Content starts
(* Let $\mathcal{B}$ be a $\sigma$-algebra on a nonempty set $E$ and let $\nu$ be an essential $\sigma$-maxitive measure on $\mathcal{B}$. Then $\nu$ is autocontinuous. Moreover, if the empty set is the only $\nu$-negligible subset of $E$, then $\nu$ has a cardinal density, i.e. there is a map $c:E\to[0,\infty]$ with $\nu(B)=\sup_{x\in B}c(x)$ for all $B\in\mathcal{B}$.
   Context: A maxitive measure on $\mathcal{B}$ is a map $\nu:\mathcal{B}\to[0,\infty]$ with $\nu(\emptyset)=0$ and $\nu(B\cup B')=\max(\nu(B),\nu(B'))$; it is $\sigma$-maxitive if moreover it is continuous from below: $\nu(\bigcup_n B_n)=\lim_n\nu(B_n)$ for every nondecreasing sequence $B_1\subset B_2\subset\cdots$ in $\mathcal{B}$. $\nu$ is essential if there exists a $\sigma$-finite $\sigma$-additive measure $m$ on $\mathcal{B}$ such that $\nu(B)>0\iff m(B)>0$ for all $B\in\mathcal{B}$. A subset $N\subset E$ is $\nu$-negligible if $N\subset G$ for some $G\in\mathcal{B}$ with $\nu(G)=0$. A map $f:E\to[0,\infty]$ is $\mathcal{B}$-measurable if $\{f>t\}\in\mathcal{B}$ for all $t\geq0$. The $\nu$-essential supremum is $\bigoplus^{\nu}_{x\in B}f(x)=\inf\{t>0:B\cap\{f>t\}\text{ is }\nu\text{-negligible}\}$. $\nu$ is autocontinuous if there is a $\mathcal{B}$-measurable $f:E\to[0,\infty]$ with $\nu(B)=\bigoplus^{\nu}_{x\in B}f(x)$ for all $B\in\mathcal{B}$. *)

theory Defs
  imports "HOL-Analysis.Analysis"
begin

definition maxitive :: "'a set set \<Rightarrow> ('a set \<Rightarrow> ennreal) \<Rightarrow> bool" where
  "maxitive B \<nu> \<longleftrightarrow> \<nu> {} = 0 \<and> (\<forall>A\<in>B. \<forall>C\<in>B. \<nu> (A \<union> C) = max (\<nu> A) (\<nu> C))"

definition sigma_maxitive :: "'a set set \<Rightarrow> ('a set \<Rightarrow> ennreal) \<Rightarrow> bool" where
  "sigma_maxitive B \<nu> \<longleftrightarrow> maxitive B \<nu> \<and>
     (\<forall>Bs :: nat \<Rightarrow> 'a set. range Bs \<subseteq> B \<longrightarrow> incseq Bs \<longrightarrow>
        (\<lambda>n. \<nu> (Bs n)) \<longlonglongrightarrow> \<nu> (\<Union>n. Bs n))"

definition essential :: "'a set \<Rightarrow> 'a set set \<Rightarrow> ('a set \<Rightarrow> ennreal) \<Rightarrow> bool" where
  "essential E B \<nu> \<longleftrightarrow> (\<exists>m. space m = E \<and> sets m = B \<and> sigma_finite_measure m \<and>
      (\<forall>A\<in>B. 0 < \<nu> A \<longleftrightarrow> 0 < emeasure m A))"

definition negligible :: "'a set set \<Rightarrow> ('a set \<Rightarrow> ennreal) \<Rightarrow> 'a set \<Rightarrow> bool" where
  "negligible B \<nu> N \<longleftrightarrow> (\<exists>G\<in>B. N \<subseteq> G \<and> \<nu> G = 0)"

definition B_measurable :: "'a set \<Rightarrow> 'a set set \<Rightarrow> ('a \<Rightarrow> ennreal) \<Rightarrow> bool" where
  "B_measurable E B f \<longleftrightarrow> (\<forall>t\<ge>0. {x\<in>E. t < f x} \<in> B)"

definition ess_sup_nu :: "'a set \<Rightarrow> 'a set set \<Rightarrow> ('a set \<Rightarrow> ennreal) \<Rightarrow> 'a set \<Rightarrow> ('a \<Rightarrow> ennreal) \<Rightarrow> ennreal" where
  "ess_sup_nu E B \<nu> A f = Inf {t. 0 < t \<and> negligible B \<nu> (A \<inter> {x\<in>E. t < f x})}"

definition autocontinuous :: "'a set \<Rightarrow> 'a set set \<Rightarrow> ('a set \<Rightarrow> ennreal) \<Rightarrow> bool" where
  "autocontinuous E B \<nu> \<longleftrightarrow> (\<exists>f. B_measurable E B f \<and> (\<forall>A\<in>B. \<nu> A = ess_sup_nu E B \<nu> A f))"

definition has_cardinal_density :: "'a set set \<Rightarrow> ('a set \<Rightarrow> ennreal) \<Rightarrow> bool" where
  "has_cardinal_density B \<nu> \<longleftrightarrow> (\<exists>c :: 'a \<Rightarrow> ennreal. \<forall>A\<in>B. \<nu> A = (SUP x\<in>A. c x))"

end

theory Submission
  imports Defs
begin

text \<open>For every level \<open>d\<close> the measurable sets \<open>A\<close> with \<open>\<nu> A \<le> d\<close> are closed under
countable unions by \<open>\<sigma>\<close>-maxitivity, so an exhaustion argument with respect to the equivalent
\<open>\<sigma>\<close>-finite measure yields a set \<open>G d\<close> of level \<open>d\<close> containing every other such set up to
a \<open>\<nu>\<close>-null set. The density \<open>f x = inf {d rational. x \<in> G d}\<close> then satisfies
\<open>\<nu> A \<le> d\<close> iff \<open>A \<inter> {f > d}\<close> is \<open>\<nu>\<close>-negligible, which is autocontinuity. If only the
empty set is negligible, the essential supremum is the plain supremum.\<close>

lemma finite_measure_exhaustion:
  assumes "finite_measure M"
    and F: "F \<subseteq> sets M" "{} \<in> F"
    and F_UN: "\<And>As::nat \<Rightarrow> 'a set. range As \<subseteq> F \<Longrightarrow> (\<Union>n. As n) \<in> F"
  shows "\<exists>G\<in>F. \<forall>A\<in>F. A - G \<in> null_sets M"
proof -
  interpret finite_measure M by fact
  define s where "s = (SUP A\<in>F. measure M A)"
  have bdd: "bdd_above (measure M ` F)"
    by (rule bdd_aboveI[where M="measure M (space M)"]) (use bounded_measure in auto)
  have "\<exists>A\<in>F. s - 1 / Suc n < measure M A" for n :: nat
    unfolding s_def using F(2) bdd by (subst less_cSUP_iff[symmetric]) auto
  then obtain A where A: "\<And>n. A n \<in> F" "\<And>n. s - 1 / Suc n < measure M (A n)" by metis
  define G where "G = (\<Union>n. A n)"
  have G: "G \<in> F" unfolding G_def using F_UN A(1) by auto
  have Gs: "measure M G \<le> s" unfolding s_def using G bdd by (rule cSUP_upper)
  have "measure M (A n) \<le> measure M G" for n
    using A(1) F(1) G unfolding G_def by (intro finite_measure_mono) auto
  then have approx: "s - 1 / Suc n < measure M G" for n using A(2) less_le_trans by blast
  have sG: "s \<le> measure M G"
  proof (rule ccontr)
    assume "\<not> s \<le> measure M G"
    then obtain n where "inverse (Suc n) < s - measure M G"
      using reals_Archimedean[of "s - measure M G"] by auto
    with approx[of n] show False by (simp add: field_simps)
  qed
  show ?thesis
  proof (intro bexI[OF _ G] ballI)
    fix C assume C: "C \<in> F"
    have "(\<Union>n::nat. if n = 0 then C else G) \<in> F" using C G by (intro F_UN) auto
    moreover have "(\<Union>n::nat. if n = 0 then C else G) = C \<union> G" by (auto split: if_splits)
    ultimately have "measure M (C \<union> G) \<le> s" unfolding s_def using bdd by (metis cSUP_upper)
    moreover have "measure M (C \<union> G) = measure M G + measure M (C - G)"
      using C G F(1) by (subst finite_measure_Union[symmetric]) (auto simp: Un_commute)
    ultimately have "measure M (C - G) = 0" using Gs sG measure_nonneg[of M "C - G"] by linarith
    then show "C - G \<in> null_sets M" using C G F(1) by (auto simp: emeasure_eq_measure null_sets_def)
  qed
qed

lemma sigma_finite_equivalent_finite_measure:
  assumes "sigma_finite_measure M"
  obtains N where "finite_measure N" "sets N = sets M" "null_sets N = null_sets M"
proof -
  interpret sigma_finite_measure M by fact
  obtain h where h: "h \<in> borel_measurable M" "integral\<^sup>N M h \<noteq> \<infinity>"
    and h_pos: "\<And>x. x \<in> space M \<Longrightarrow> 0 < h x"
    using Ex_finite_integrable_function by auto
  have "(\<integral>\<^sup>+x. h x * indicator (space M) x \<partial>M) = integral\<^sup>N M h"
    by (rule nn_integral_cong) (simp add: indicator_def)
  then have "finite_measure (density M h)"
    using h by (intro finite_measureI) (simp add: emeasure_density)
  moreover have "A \<in> null_sets (density M h) \<longleftrightarrow> A \<in> null_sets M" for A
  proof -
    have "(AE x in M. x \<in> A \<longrightarrow> h x = 0) \<longleftrightarrow> (AE x in M. x \<notin> A)"
      using h_pos by (intro AE_cong) force
    then show ?thesis
      using null_sets_density_iff[OF h(1)] AE_iff_null_sets by (metis null_setsD2)
  qed
  ultimately show ?thesis using that[of "density M h"] by auto
qed

lemma sigma_finite_exhaustion:
  assumes "sigma_finite_measure M"
    and "F \<subseteq> sets M" "{} \<in> F"
    and "\<And>As::nat \<Rightarrow> 'a set. range As \<subseteq> F \<Longrightarrow> (\<Union>n. As n) \<in> F"
  shows "\<exists>G\<in>F. \<forall>A\<in>F. A - G \<in> null_sets M"
proof -
  obtain N where "finite_measure N" "sets N = sets M" "null_sets N = null_sets M"
    using sigma_finite_equivalent_finite_measure[OF assms(1)] by metis
  then show ?thesis using finite_measure_exhaustion[of N F] assms(2-) by auto
qed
Content ends
Word for word, restate the lines of the listing above starting at the line with "n) \<le> measure" and ending at the line with "fix C assume", and nothing outside them.

** Expected answer **
  have "measure M (A n) \<le> measure M G" for n
    using A(1) F(1) G unfolding G_def by (intro finite_measure_mono) auto
  then have approx: "s - 1 / Suc n < measure M G" for n using A(2) less_le_trans by blast
  have sG: "s \<le> measure M G"
  proof (rule ccontr)
    assume "\<not> s \<le> measure M G"
    then obtain n where "inverse (Suc n) < s - measure M G"
      using reals_Archimedean[of "s - measure M G"] by auto
    with approx[of n] show False by (simp add: field_simps)
  qed
  show ?thesis
  proof (intro bexI[OF _ G] ballI)
    fix C assume C: "C \<in> F"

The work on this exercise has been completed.